Держась рядом с Астаротом, я наблюдал спутников. Они были погружены в свои мысли и неохотно отзывались на мои случайные замечания.

Черные глаза Астарота, прячась от солнца, съежились и ушли внутрь, а Биг, рассеянно смотря по сторонам, иногда улыбался и подмигивал мне, как бы желая сказать: «Так-то. Едем». Проехав луг, мы направились далее берегом небольшой речки, причем несколько раз пересекали ее вброд; вода, шумя у ног лошадей, обдавала нас брызгами. Трава заметно редела, переходя в унылую, душную степную равнину, поросшую высохшим кустарником; все чаще попадались серые каменистые бугры, овраги и трещины; от них пахло сыростью и землей; одинокие деревья имели сторожевой вид; холмы, растягиваясь подножиями в сотни сажен, вынуждали нас при подъеме сдерживать лошадей. Из-под копыт, вспыхивая дымком, летела сухая, бурая пыль, а горы, проясняясь, становились пестрыми от хорошо различаемых теперь неровных пятен лесов, но казались почти так же далекими, как от Зурбагана.

Следя за собой, я видел, что отдыхаю в седле душою и телом, как отдыхают от мучительной зубной боли, бегая по комнате. Вещей, о которых я мог бы последовательно и с интересом думать, у меня не было, но голую пустоту воображения и чувств успешно заполняли разные дорожные пустяки. Стремена Астарота, стертые от езды, заставляли меня машинально соображать, сколько времени они ему служат; смотря на голову лошади, я думал, что мысли животных должны напоминать вечно ускользающий из клещей памяти сон. Камни напоминали мне о древности мира, а яркое, как море под солнцем, небо я сравнивал с глухонемым близнецом земли, навеки осужденным без операции смотреть в лицо непонимающему его брату.

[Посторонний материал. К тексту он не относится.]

(* Let $\psi:\mathbb{C}\to\mathbb{R}$ be a $C^2$ function with $m\le\Delta\psi\le M$ for constants $m,M>0$. For any two $\ell$-tuples $\mathfrak{p}=(p_1,\dots,p_\ell),\mathfrak{q}=(q_1,\dots,q_\ell)\in\mathbb{C}^\ell$, each of distinct points, $$\mathscr{F}_\psi(\mathfrak{p})=\frac{(z-p_1)\cdots(z-p_\ell)}{(z-q_1)\cdots(z-q_\ell)}\cdot\mathscr{F}_\psi(\mathfrak{q}).$$
   Context: $\mathscr{F}_\psi=L^2(\mathbb{C},e^{-2\psi}d\lambda)\cap\mathscr{O}(\mathbb{C})$ (holomorphic functions on $\mathbb{C}$ square integrable with respect to $e^{-2\psi}d\lambda$, $\lambda$ Lebesgue measure), and for a tuple $\mathfrak{p}$ of distinct points $\mathscr{F}_\psi(\mathfrak{p})=\{\varphi\in\mathscr{F}_\psi:\varphi(p_1)=\dots=\varphi(p_\ell)=0\}$. The right-hand side denotes the set of functions $z\mapsto\frac{(z-p_1)\cdots(z-p_\ell)}{(z-q_1)\cdots(z-q_\ell)}\varphi(z)$, $\varphi\in\mathscr{F}_\psi(\mathfrak{q})$ (with removable singularities filled in). *)

theory Defs
  imports "HOL-Analysis.Analysis"
begin

definition partial_x :: "(complex \<Rightarrow> real) \<Rightarrow> complex \<Rightarrow> real" where
  "partial_x f z = deriv (\<lambda>t::real. f (z + complex_of_real t)) 0"

definition partial_y :: "(complex \<Rightarrow> real) \<Rightarrow> complex \<Rightarrow> real" where
  "partial_y f z = deriv (\<lambda>t::real. f (z + \<i> * complex_of_real t)) 0"

definition laplacian :: "(complex \<Rightarrow> real) \<Rightarrow> complex \<Rightarrow> real" where
  "laplacian f z = partial_x (partial_x f) z + partial_y (partial_y f) z"

definition C2_function :: "(complex \<Rightarrow> real) \<Rightarrow> bool" where
  "C2_function f \<longleftrightarrow>
     (\<exists>(D1 :: complex \<Rightarrow> complex \<Rightarrow>\<^sub>L real) (D2 :: complex \<Rightarrow> complex \<Rightarrow>\<^sub>L (complex \<Rightarrow>\<^sub>L real)).
        (\<forall>z. (f has_derivative blinfun_apply (D1 z)) (at z)) \<and>
        (\<forall>z. (D1 has_derivative blinfun_apply (D2 z)) (at z)) \<and>
        continuous_on UNIV D2)"

definition fock_space :: "(complex \<Rightarrow> real) \<Rightarrow> (complex \<Rightarrow> complex) set" where
  "fock_space \<psi> = {f. f holomorphic_on UNIV \<and>
      integrable lborel (\<lambda>z. (norm (f z))\<^sup>2 * exp (- 2 * \<psi> z))}"

definition fock_vanishing :: "(complex \<Rightarrow> real) \<Rightarrow> complex list \<Rightarrow> (complex \<Rightarrow> complex) set" where
  "fock_vanishing \<psi> ps = {f \<in> fock_space \<psi>. \<forall>p \<in> set ps. f p = 0}"

text \<open>The set of functions \<open>z \<mapsto> \<Prod>(z-p_i)/\<Prod>(z-q_i) \<phi>(z)\<close>, \<open>\<phi> \<in> F_\<psi>(q)\<close>, with
  removable singularities filled in: entire functions agreeing with that quotient
  off the points \<open>q_i\<close>.\<close>
definition ratio_multiple ::
  "complex list \<Rightarrow> complex list \<Rightarrow> (complex \<Rightarrow> complex) set \<Rightarrow> (complex \<Rightarrow> complex) set" where
  "ratio_multiple ps qs S = {g. g holomorphic_on UNIV \<and>
      (\<exists>\<phi>\<in>S. \<forall>z. z \<notin> set qs \<longrightarrow>
          g z = (\<Prod>i<length ps. z - ps ! i) / (\<Prod>i<length qs. z - qs ! i) * \<phi> z)}"

end

theory Submission
  imports Defs "HOL-Complex_Analysis.Complex_Analysis"
begin

text \<open>An entire function vanishing at the distinct points \<open>p\<^sub>1, \<dots>, p\<^sub>\<ell>\<close> is exactly
  \<open>(z - p\<^sub>1)\<cdots>(z - p\<^sub>\<ell>) k(z)\<close> with \<open>k\<close> entire. Since two monic polynomials of the same degree
  have comparable moduli near infinity and the weight \<open>e\<^sup>-\<^sup>2\<^sup>\<psi>\<close> is continuous, hence
  locally integrable, \<open>P k\<close> is square integrable iff \<open>Q k\<close> is, for \<open>P\<close>, \<open>Q\<close> the two root
  polynomials. Both sides of the identity are therefore the same set of functions \<open>P k\<close>.\<close>

definition root_poly :: "complex list \<Rightarrow> complex \<Rightarrow> complex" where
  "root_poly ps z = (\<Prod>i<length ps. z - ps ! i)"

lemma root_poly_Nil [simp]: "root_poly [] z = 1"
  by (simp add: root_poly_def)

lemma root_poly_Cons [simp]: "root_poly (p # ps) z = (z - p) * root_poly ps z"
  unfolding root_poly_def by (simp only: length_Cons prod.lessThan_Suc_shift nth_Cons_0 nth_Cons_Suc)

lemma holomorphic_root_poly [holomorphic_intros]: "root_poly ps holomorphic_on A"
  unfolding root_poly_def by (intro holomorphic_intros)

lemma continuous_on_root_poly [continuous_intros]: "continuous_on A (root_poly ps)"
  using holomorphic_root_poly holomorphic_on_imp_continuous_on by blast

lemma root_poly_eq_0_iff: "root_poly ps z = 0 \<longleftrightarrow> z \<in> set ps"
  by (induction ps) auto

lemma entire_vanishing_imp_root_poly_factor:
  assumes "distinct ps" "h holomorphic_on UNIV" "\<forall>p\<in>set ps. h p = 0"
  obtains k where "k holomorphic_on UNIV" "\<And>z. h z = root_poly ps z * k z"
  using assms
proof (induction ps arbitrary: h thesis)
  case Nil
  then show ?case by simp
next
  case (Cons p ps)
  define h' where "h' = (\<lambda>z. if z = p then deriv h p else (h z - h p) / (z - p))"
  have "h' holomorphic_on UNIV"
    unfolding h'_def by (rule pole_lemma) (use Cons.prems in auto)
  moreover have "\<forall>q\<in>set ps. h' q = 0"
    using Cons.prems by (auto simp: h'_def)
  ultimately obtain k where k: "k holomorphic_on UNIV" "\<And>z. h' z = root_poly ps z * k z"
    using Cons.IH Cons.prems by (metis distinct.simps(2))
  have "h z = (z - p) * h' z" for z
    using Cons.prems by (auto simp: h'_def)
  with k show ?case
    using Cons.prems(1) by (simp add: mult.assoc)
qed

text \<open>Outside the disc of radius \<open>2A\<close>, \<open>A\<close> bounding all roots, \<open>|z - q| \<le> |z| + A \<le> 3(|z| - A) \<le> 3|z - p|\<close>.\<close>
lemma root_poly_bounded_at_infinity:
  assumes "length ps = length qs"
  obtains R C where "\<And>z. R \<le> norm z \<Longrightarrow> norm (root_poly qs z) \<le> C * norm (root_poly ps z)"
proof
  define A where "A = Max (insert 0 (norm ` set (ps @ qs)))"
  have root_le_A: "norm x \<le> A" if "x \<in> set (ps @ qs)" for x
    unfolding A_def using that by (intro Max_ge) auto
  have "0 \<le> A"
    unfolding A_def by (intro Max_ge) auto
  fix z :: complex assume z: "2 * A \<le> norm z"
  have "(\<Prod>i<length qs. norm (z - qs ! i)) \<le> (\<Prod>i<length qs. 3 * norm (z - ps ! i))"
  proof (rule prod_mono)
    fix i assume "i \<in> {..<length qs}"
    then have "norm (qs ! i) \<le> A" "norm (ps ! i) \<le> A"
      using assms by (auto intro!: root_le_A)
    then have "norm (z - qs ! i) \<le> norm z + A" "norm z - A \<le> norm (z - ps ! i)"
      using norm_triangle_ineq4[of z "qs ! i"] norm_triangle_ineq2[of z "ps ! i"] by linarith+
    then show "0 \<le> norm (z - qs ! i) \<and> norm (z - qs ! i) \<le> 3 * norm (z - ps ! i)"
      using z \<open>0 \<le> A\<close> by auto
  qed
  then show "norm (root_poly qs z) \<le> 3 ^ length qs * norm (root_poly ps z)"
    unfolding root_poly_def using assms by (simp add: prod_norm prod.distrib)
qed

lemma integrable_if_dominated_off_ball:
  fixes F G :: "'a::euclidean_space \<Rightarrow> real"
  assumes "continuous_on UNIV G" "integrable lborel F"
    and "\<And>z. R \<le> norm z \<Longrightarrow> norm (G z) \<le> norm (F z)"
  shows "integrable lborel G"
proof (rule Bochner_Integration.integrable_bound)
  show "integrable lborel (\<lambda>z. indicator (cball 0 R) z * norm (G z) + norm (F z))"
    using assms(1,2)
    by (intro Bochner_Integration.integrable_add integrable_norm
        borel_integrable_compact[where f = "\<lambda>z. norm (G z)", unfolded real_scaleR_def])
      (auto intro: continuous_on_subset continuous_intros)
  show "G \<in> borel_measurable lborel"
    using borel_measurable_continuous_onI[OF assms(1)] by simp
  show "AE z in lborel. norm (G z) \<le> norm (indicator (cball 0 R) z * norm (G z) + norm (F z))"
    using assms(3) by (intro AE_I2) (fastforce simp: indicator_def)
qed

lemma root_poly_mult_mem_fock_space:
  assumes "continuous_on UNIV \<psi>" "length ps = length qs" "k holomorphic_on UNIV"
    and "(\<lambda>z. root_poly ps z * k z) \<in> fock_space \<psi>"
  shows "(\<lambda>z. root_poly qs z * k z) \<in> fock_space \<psi>"
proof -
  obtain R C where RC: "\<And>z. R \<le> norm z \<Longrightarrow> norm (root_poly qs z) \<le> C * norm (root_poly ps z)"
    using root_poly_bounded_at_infinity[OF assms(2)] by blast
  have "continuous_on UNIV k"
    using assms(3) holomorphic_on_imp_continuous_on by blast
  then have cont: "continuous_on UNIV (\<lambda>z. (norm (root_poly qs z * k z))\<^sup>2 * exp (- 2 * \<psi> z))"
    by (intro continuous_intros assms(1))
  have int: "integrable lborel (\<lambda>z. (norm (root_poly ps z * k z))\<^sup>2 * exp (- 2 * \<psi> z))"
    using assms(4) by (simp add: fock_space_def)
  have dom: "norm ((norm (root_poly qs z * k z))\<^sup>2 * exp (- 2 * \<psi> z))
      \<le> norm (C\<^sup>2 * ((norm (root_poly ps z * k z))\<^sup>2 * exp (- 2 * \<psi> z)))" if "R \<le> norm z" for z
  proof -
    have "norm (root_poly qs z * k z) \<le> C * norm (root_poly ps z * k z)"
      using mult_right_mono[OF RC[OF that] norm_ge_zero] by (simp add: norm_mult mult.assoc)
    then have "(norm (root_poly qs z * k z))\<^sup>2 \<le> (C * norm (root_poly ps z * k z))\<^sup>2"
      by (rule power_mono) simp
    then show ?thesis
      by (simp add: power_mult_distrib mult.assoc[symmetric])
  qed
  have "integrable lborel (\<lambda>z. (norm (root_poly qs z * k z))\<^sup>2 * exp (- 2 * \<psi> z))"
    using integrable_if_dominated_off_ball[OF cont integrable_mult_right[OF int] dom] .
  then show ?thesis
    unfolding fock_space_def by (auto intro!: holomorphic_intros assms(3))
qed

lemma fock_vanishing_eq_root_poly_multiples:
  assumes "distinct ps"
  shows "fock_vanishing \<psi> ps = (\<lambda>k z. root_poly ps z * k z) `
           {k. k holomorphic_on UNIV \<and> (\<lambda>z. root_poly ps z * k z) \<in> fock_space \<psi>}"
proof (intro equalityI subsetI)
  fix h assume h: "h \<in> fock_vanishing \<psi> ps"
  then obtain k where k: "k holomorphic_on UNIV" "\<And>z. h z = root_poly ps z * k z"
    using entire_vanishing_imp_root_poly_factor[OF assms]
    unfolding fock_vanishing_def fock_space_def by blast
  then have "h = (\<lambda>z. root_poly ps z * k z)"
    by (intro ext)
  with h k(1) show "h \<in> (\<lambda>k z. root_poly ps z * k z) `
      {k. k holomorphic_on UNIV \<and> (\<lambda>z. root_poly ps z * k z) \<in> fock_space \<psi>}"
    unfolding fock_vanishing_def by (auto intro!: image_eqI[of _ _ k])
qed (auto simp: fock_vanishing_def root_poly_eq_0_iff)

lemma continuous_eq_off_finite:
  fixes f g :: "'a::{perfect_space,t2_space} \<Rightarrow> 'b::t2_space"
  assumes "isCont f z" "isCont g z" "finite S" "\<And>w. w \<notin> S \<Longrightarrow> f w = g w"
  shows "f z = g z"
proof -
  have "eventually (\<lambda>w. w \<notin> S) (at z)"
    using assms(3) islimpt_finite islimpt_iff_eventually by blast
  then have "eventually (\<lambda>w. g w = f w) (at z)"
    by eventually_elim (use assms(4) in auto)
  then have "(g \<longlongrightarrow> f z) (at z)"
    using assms(1) tendsto_cong unfolding isCont_def by blast
  then show ?thesis
    using assms(2) tendsto_unique[OF at_neq_bot] unfolding isCont_def by blast
qed

lemma ratio_multiple_root_poly_multiples:
  assumes "\<And>k. k \<in> K \<Longrightarrow> k holomorphic_on UNIV"
  shows "ratio_multiple ps qs ((\<lambda>k z. root_poly qs z * k z) ` K) = (\<lambda>k z. root_poly ps z * k z) ` K"
proof (intro equalityI subsetI)
  fix g assume "g \<in> ratio_multiple ps qs ((\<lambda>k z. root_poly qs z * k z) ` K)"
  then obtain k where g: "g holomorphic_on UNIV" and "k \<in> K"
    and g_off: "\<And>z. z \<notin> set qs \<Longrightarrow> g z = root_poly ps z / root_poly qs z * (root_poly qs z * k z)"
    unfolding ratio_multiple_def root_poly_def[symmetric] by blast
  have "g z = root_poly ps z * k z" for z
  proof (rule continuous_eq_off_finite[where g = "\<lambda>z. root_poly ps z * k z" and S = "set qs"])
    have "(\<lambda>z. root_poly ps z * k z) holomorphic_on UNIV"
      using assms[OF \<open>k \<in> K\<close>] by (intro holomorphic_intros)
    with g show "isCont g z" "isCont (\<lambda>z. root_poly ps z * k z) z"
      by (auto intro!: field_differentiable_imp_continuous_at holomorphic_on_imp_differentiable_at)
    show "g w = root_poly ps w * k w" if "w \<notin> set qs" for w
      using g_off[OF that] that by (simp add: root_poly_eq_0_iff)
  qed simp
  with \<open>k \<in> K\<close> show "g \<in> (\<lambda>k z. root_poly ps z * k z) ` K"
    by (auto intro!: image_eqI[of _ _ k])
next
  fix g assume "g \<in> (\<lambda>k z. root_poly ps z * k z) ` K"
  then obtain k where k: "k \<in> K" and g: "g = (\<lambda>z. root_poly ps z * k z)"
    by blast
  have "g holomorphic_on UNIV"
    unfolding g using assms[OF k] by (intro holomorphic_intros)
  moreover have "(\<lambda>z. root_poly qs z * k z) \<in> (\<lambda>k z. root_poly qs z * k z) ` K"
    using k by blast
  moreover have "\<forall>z. z \<notin> set qs \<longrightarrow> g z = root_poly ps z / root_poly qs z * (root_poly qs z * k z)"
    unfolding g by (simp add: root_poly_eq_0_iff)
  ultimately show "g \<in> ratio_multiple ps qs ((\<lambda>k z. root_poly qs z * k z) ` K)"
    unfolding ratio_multiple_def mem_Collect_eq root_poly_def[symmetric]
    by (intro conjI bexI[where x = "\<lambda>z. root_poly qs z * k z"])
qed

lemma C2_function_imp_continuous: "C2_function f \<Longrightarrow> continuous_on UNIV f"
  unfolding C2_function_def
  by (metis continuous_at_imp_continuous_on has_derivative_continuous)

theorem proposition1p11:
  fixes \<psi> :: "complex \<Rightarrow> real" and m M :: real and ps qs :: "complex list"
  assumes "C2_function \<psi>"
    and "m > 0" and "M > 0"
    and "\<forall>z. m \<le> laplacian \<psi> z \<and> laplacian \<psi> z \<le> M"
    and "length ps = length qs"
    and "distinct ps" and "distinct qs"
  shows "fock_vanishing \<psi> ps = ratio_multiple ps qs (fock_vanishing \<psi> qs)"
proof -
  have \<psi>: "continuous_on UNIV \<psi>"
    using assms(1) by (rule C2_function_imp_continuous)
  define K where
    "K = {k. k holomorphic_on UNIV \<and> (\<lambda>z. root_poly qs z * k z) \<in> fock_space \<psi>}"
  have "{k. k holomorphic_on UNIV \<and> (\<lambda>z. root_poly ps z * k z) \<in> fock_space \<psi>} = K"
    unfolding K_def
    using root_poly_mult_mem_fock_space[OF \<psi> assms(5)]
      root_poly_mult_mem_fock_space[OF \<psi> assms(5)[symmetric]] by blast
  then have "fock_vanishing \<psi> ps = (\<lambda>k z. root_poly ps z * k z) ` K"
    using fock_vanishing_eq_root_poly_multiples[OF assms(6)] by simp
  also have "\<dots> = ratio_multiple ps qs ((\<lambda>k z. root_poly qs z * k z) ` K)"
    by (rule ratio_multiple_root_poly_multiples[symmetric]) (simp add: K_def)
  also have "(\<lambda>k z. root_poly qs z * k z) ` K = fock_vanishing \<psi> qs"
    unfolding K_def by (rule fock_vanishing_eq_root_poly_multiples[OF assms(7), symmetric])
  finally show ?thesis .
qed

end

Так ехали мы час, и два, и три, и, наконец, унылая местность, достойная в сумрачный день служить вестибюлем ада, кончилась. Мы двигались в заросли, полной валежника, ям, пенистых горных ключей и стволов, вырванных шквалом. Эти препятствия, живописные, но и надоедливые, заставляли коней идти шагом, и я не без удовольствия убедился в выносливости своей лошади.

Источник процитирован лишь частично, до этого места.